Последний бой - Тулепберген Каипбергенович Каипбергенов
Шрифт:
Интервал:
Закладка:
Срок пришел. На темной улице, без свидетелей, молча стояли они друг против друга. Совершенно чужие. Словно не было месяцев, прожитых вместе, ни долгих сидений у семейного очага, ни сладостных и терпких ночных прикосновений — ничего. Только страх, только лютую ненависть испытывала сейчас Джумагуль.
— Пойдем! — властно взял ее за руку Турумбет.
— Куда?
— Домой.
Джумагуль вырвала руку, мотнула головой:
— Я твой муж. Как прикажу, так и будет!
— Нет!
— Нет? — и страшный удар обрушился на женщину. Она отлетела к изгороди, закричала отчаянно, исступленно. Из юрт выбежали люди. Турумбет пригнул голову, зверем метнулся в кусты.
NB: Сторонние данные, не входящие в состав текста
(* Fix $d\ge1$ and partitions $\mu,\lambda$ with $\ell(\mu),\ell(\lambda)\le d$. Then $$G_\mu(\mathbf y_\lambda\mid\mathbf y)\,\big(wt(\lambda/\mu)-1\big)=\sum_{\nu\mapsto\mu}\beta^{|\nu/\mu|}G_\nu(\mathbf y_\lambda\mid\mathbf y),\qquad\text{where}\quad wt(\lambda/\mu):=\prod_{i=1}^d\frac{1+\beta y_{\mu_i+d-i+1}}{1+\beta y_{\lambda_i+d-i+1}}.$$
   Context: Let $\beta$, $y_1,y_2,\dots$ be indeterminates; $x\oplus y:=x+y+\beta xy$, $x\ominus y:=(x-y)/(1+\beta y)$, $\ominus x:=0\ominus x$. Partitions are identified with Young diagrams (English convention), with $\lambda_i=0$ for $i>\ell(\lambda)$. For a partition $\mu$, $\operatorname{SSVT}_d(\mu)$ is the set of assignments of a nonempty subset $T(u)\subseteq\{1,\dots,d\}$ to each cell $u$ of $\mu$ with $\max T(u)\le\min T(u')$ for $u'$ immediately right of $u$ and $\max T(u)<\min T(u')$ for $u'$ immediately below $u$; $\operatorname{ne}(T)=\sum_u|T(u)|$. The factorial Grothendieck polynomial is $G_\mu(x_1,\dots,x_d\mid\mathbf y)=\sum_{T\in\operatorname{SSVT}_d(\mu)}\beta^{\operatorname{ne}(T)-|\mu|}\prod_{u\in\mu,\ r\in T(u)}(x_r\oplus y_{r+c(u)})$, with $c(u)=j-i$ for $u=(i,j)$. For $\ell(\lambda)\le d$, $\mathbf y_\lambda$ is the point whose $i$-th coordinate is $\ominus y_{\lambda_i+d-i+1}$, $i=1,\dots,d$. We write $\nu\mapsto\mu$ if $\mu\subseteq\nu$, $\nu\ne\mu$, and the cells of $\nu/\mu$ lie in pairwise distinct rows and pairwise distinct columns. *)

theory Defs
  imports Main
begin

definition is_partition :: "nat list \<Rightarrow> bool" where
  "is_partition la \<longleftrightarrow> sorted_wrt (\<ge>) la \<and> (\<forall>p\<in>set la. 0 < p)"

definition part :: "nat list \<Rightarrow> nat \<Rightarrow> nat" where
  "part la i = (if 1 \<le> i \<and> i \<le> length la then la ! (i - 1) else 0)"

text \<open>Young diagram, English convention: cell (i,j) = row i, column j, 1-indexed.\<close>
definition cells :: "nat list \<Rightarrow> (nat \<times> nat) set" where
  "cells la = {(i, j). 1 \<le> i \<and> i \<le> length la \<and> 1 \<le> j \<and> j \<le> part la i}"

definition psize :: "nat list \<Rightarrow> nat" where
  "psize la = sum_list la"

definition goplus :: "'a::field \<Rightarrow> 'a \<Rightarrow> 'a \<Rightarrow> 'a" where
  "goplus \<beta> x y = x + y + \<beta> * x * y"

definition gominus :: "'a::field \<Rightarrow> 'a \<Rightarrow> 'a \<Rightarrow> 'a" where
  "gominus \<beta> x y = (x - y) / (1 + \<beta> * y)"

definition gneg :: "'a::field \<Rightarrow> 'a \<Rightarrow> 'a" where
  "gneg \<beta> x = gominus \<beta> 0 x"

definition SSVT :: "nat \<Rightarrow> nat list \<Rightarrow> (nat \<times> nat \<Rightarrow> nat set) set" where
  "SSVT d mu = {T. (\<forall>u. u \<notin> cells mu \<longrightarrow> T u = {})
     \<and> (\<forall>u\<in>cells mu. T u \<noteq> {} \<and> T u \<subseteq> {1..d})
     \<and> (\<forall>i j. (i, j) \<in> cells mu \<and> (i, j + 1) \<in> cells mu \<longrightarrow> Max (T (i, j)) \<le> Min (T (i, j + 1)))
     \<and> (\<forall>i j. (i, j) \<in> cells mu \<and> (i + 1, j) \<in> cells mu \<longrightarrow> Max (T (i, j)) < Min (T (i + 1, j)))}"

definition ne :: "nat list \<Rightarrow> (nat \<times> nat \<Rightarrow> nat set) \<Rightarrow> nat" where
  "ne mu T = (\<Sum>u\<in>cells mu. card (T u))"

text \<open>Content c(u) = j - i; the index r + c(u) is always \<ge> 1 for tableaux (r \<ge> i).\<close>
definition content_idx :: "nat \<Rightarrow> nat \<times> nat \<Rightarrow> nat" where
  "content_idx r u = nat (int r + int (snd u) - int (fst u))"

definition G :: "'a::field \<Rightarrow> nat \<Rightarrow> nat list \<Rightarrow> (nat \<Rightarrow> 'a) \<Rightarrow> (nat \<Rightarrow> 'a) \<Rightarrow> 'a" where
  "G \<beta> d mu x y = (\<Sum>T\<in>SSVT d mu. \<beta> ^ (ne mu T - psize mu) *
     (\<Prod>u\<in>cells mu. \<Prod>r\<in>T u. goplus \<beta> (x r) (y (content_idx r u))))"

definition ypt :: "'a::field \<Rightarrow> nat \<Rightarrow> (nat \<Rightarrow> 'a) \<Rightarrow> nat list \<Rightarrow> nat \<Rightarrow> 'a" where
  "ypt \<beta> d y la i = gneg \<beta> (y (part la i + d - i + 1))"

definition wt :: "'a::field \<Rightarrow> nat \<Rightarrow> (nat \<Rightarrow> 'a) \<Rightarrow> nat list \<Rightarrow> nat list \<Rightarrow> 'a" where
  "wt \<beta> d y la mu = (\<Prod>i=1..d. (1 + \<beta> * y (part mu i + d - i + 1)) / (1 + \<beta> * y (part la i + d - i + 1)))"

definition covers :: "nat list \<Rightarrow> nat list \<Rightarrow> bool" where
  "covers nu mu \<longleftrightarrow> is_partition nu \<and> cells mu \<subseteq> cells nu \<and> nu \<noteq> mu \<and>
     (\<forall>u\<in>cells nu - cells mu. \<forall>v\<in>cells nu - cells mu. u \<noteq> v \<longrightarrow> fst u \<noteq> fst v \<and> snd u \<noteq> snd v)"

end

theory Submission
  imports Defs
begin

text \<open>The identity is the specialisation \<open>x = y\<^sub>\<lambda>\<close> of a Pieri rule that holds for all \<open>x\<close>:
  \<open>\<Prod>\<^sub>i (1 + \<beta> x\<^sub>i) \<cdot> \<Prod>\<^sub>i (1 + \<beta> y\<^bsub>\<mu>\<^sub>i+d-i+1\<^esub>) \<cdot> G\<^sub>\<mu>(x|y) = \<Sum>\<^sub>T \<beta>\<^bsup>|T|\<^esup> G\<^bsub>\<mu>+T\<^esub>(x|y)\<close>,
  where \<open>T\<close> runs over the sets of rows of \<open>\<mu>\<close> to which one box each can be added (so \<open>\<mu>+T \<mapsto> \<mu>\<close>
  or \<open>T = {}\<close>).  Since \<open>1 + \<beta> (\<ominus>v) = 1 / (1 + \<beta> v)\<close>, at \<open>x = y\<^sub>\<lambda>\<close> the prefactor is \<open>wt(\<lambda>/\<mu>)\<close>,
  and the term \<open>T = {}\<close> is \<open>G\<^sub>\<mu>\<close> itself.

  The Pieri rule is proved by induction on \<open>d\<close>.  Deleting the entry \<open>d\<close> from a set-valued
  tableau leaves a tableau of a shape \<open>k\<close> interlacing \<open>\<mu>\<close>, with an explicit weight that is a
  product over rows (branching rule).  Expanding both sides by the branching rule and the
  induction hypothesis, the coefficients of each \<open>G\<^bsub>d-1\<^esub>(\<cdot>|y)\<close> agree because both factor over
  the rows: on one side by telescoping the content factors, on the other by a transfer-matrix
  computation with an explicit gauge vector.\<close>

section \<open>Set-valued tableaux on arbitrary sets of cells\<close>

definition ssvt_on :: "nat \<Rightarrow> (nat \<times> nat) set \<Rightarrow> (nat \<times> nat \<Rightarrow> nat set) set" where
  "ssvt_on d D = {T. (\<forall>u. u \<notin> D \<longrightarrow> T u = {})
     \<and> (\<forall>u\<in>D. T u \<noteq> {} \<and> T u \<subseteq> {1..d})
     \<and> (\<forall>i j. (i, j) \<in> D \<and> (i, j + 1) \<in> D \<longrightarrow> Max (T (i, j)) \<le> Min (T (i, j + 1)))
     \<and> (\<forall>i j. (i, j) \<in> D \<and> (i + 1, j) \<in> D \<longrightarrow> Max (T (i, j)) < Min (T (i + 1, j)))}"

definition cell_factor :: "'a::field \<Rightarrow> (nat \<Rightarrow> 'a) \<Rightarrow> (nat \<Rightarrow> 'a) \<Rightarrow> nat \<Rightarrow> nat \<times> nat \<Rightarrow> 'a" where
  "cell_factor \<beta> x y r u = goplus \<beta> (x r) (y (content_idx r u))"

definition tableau_weight ::
  "'a::field \<Rightarrow> (nat \<Rightarrow> 'a) \<Rightarrow> (nat \<Rightarrow> 'a) \<Rightarrow> (nat \<times> nat) set \<Rightarrow> (nat \<times> nat \<Rightarrow> nat set) \<Rightarrow> 'a" where
  "tableau_weight \<beta> x y D T =
     \<beta> ^ ((\<Sum>u\<in>D. card (T u)) - card D) * (\<Prod>u\<in>D. \<Prod>r\<in>T u. cell_factor \<beta> x y r u)"

definition G_on :: "'a::field \<Rightarrow> nat \<Rightarrow> (nat \<times> nat) set \<Rightarrow> (nat \<Rightarrow> 'a) \<Rightarrow> (nat \<Rightarrow> 'a) \<Rightarrow> 'a" where
  "G_on \<beta> d D x y = (\<Sum>T\<in>ssvt_on d D. tableau_weight \<beta> x y D T)"

lemma finite_ssvt_on: assumes "finite D" shows "finite (ssvt_on d D)"
proof -
  have "ssvt_on d D \<subseteq> {T. \<forall>u. (u \<in> D \<longrightarrow> T u \<in> Pow {1..d}) \<and> (u \<notin> D \<longrightarrow> T u = {})}"
    unfolding ssvt_on_def by auto
  moreover have "finite {T. \<forall>u. (u \<in> D \<longrightarrow> T u \<in> Pow {1..d}) \<and> (u \<notin> D \<longrightarrow> T u = {})}"
    by (rule finite_set_of_finite_funs) (use assms in auto)
  ultimately show ?thesis by (rule finite_subset)
qed

lemma ssvt_onD:
  assumes "T \<in> ssvt_on d D"
  shows "\<And>u. u \<notin> D \<Longrightarrow> T u = {}" "\<And>u. u \<in> D \<Longrightarrow> T u \<noteq> {}"
    "\<And>u. u \<in> D \<Longrightarrow> T u \<subseteq> {1..d}" "\<And>u. finite (T u)"
    "\<And>i j. (i, j) \<in> D \<Longrightarrow> (i, j + 1) \<in> D \<Longrightarrow> Max (T (i, j)) \<le> Min (T (i, j + 1))"
    "\<And>i j. (i, j) \<in> D \<Longrightarrow> (i + 1, j) \<in> D \<Longrightarrow> Max (T (i, j)) < Min (T (i + 1, j))"
  using assms unfolding ssvt_on_def by auto (metis finite.emptyI finite_atLeastAtMost finite_subset)

lemma ssvt_on_Max_le:
  assumes "T \<in> ssvt_on d D" "u \<in> D" shows "Max (T u) \<le> d"
  using ssvt_onD(2-4)[OF assms(1)] assms(2) by (meson Max_in atLeastAtMost_iff subset_iff)

lemma ssvt_on_Min_le:
  assumes "T \<in> ssvt_on d D" "u \<in> D" shows "Min (T u) \<le> d"
  using ssvt_onD(2-4)[OF assms(1)] assms(2) by (meson Min_in atLeastAtMost_iff subset_iff)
Вторую ночь подряд не спала Джумагуль. Смерть Айтбая, разговор с Турдыгуль, встреча с мужем — все это так подействовало на женщину, что, только смыкала веки, в голове начинали роиться кошмары. Джумагуль подымалась, зажигала коптилку, пила холодную воду и, немного успокоившись, ложилась опять. Но стоило закрыть глаза, и кошмары появлялись вновь.
Уже далеко за полночь Джумагуль показалось, будто возле лачуги кто-то ходит. Прислушалась, осторожно подкралась к двери. И вдруг мороз пробежал по коже — за дверью кто-то стоял. Сначала Джумагуль догадалась об этом по хриплому, тяжелому дыханию. Затем увидела, как дернулась щеколда, — видно, снаружи нажали на дверь.
Кто это был? Турумбет, жаждавший мести? Или тот, неизвестный, кто убил Айтбая?.. «А Турумбет и тот неизвестный не одно и то же лицо?» — мелькнула догадка.
Но времени для размышлений не было.
— Мама! Мама! — громко позвала Джумагуль. — Тут кто-то есть. Дай-ка топор! Постучи Туребаю, пусть выйдет!..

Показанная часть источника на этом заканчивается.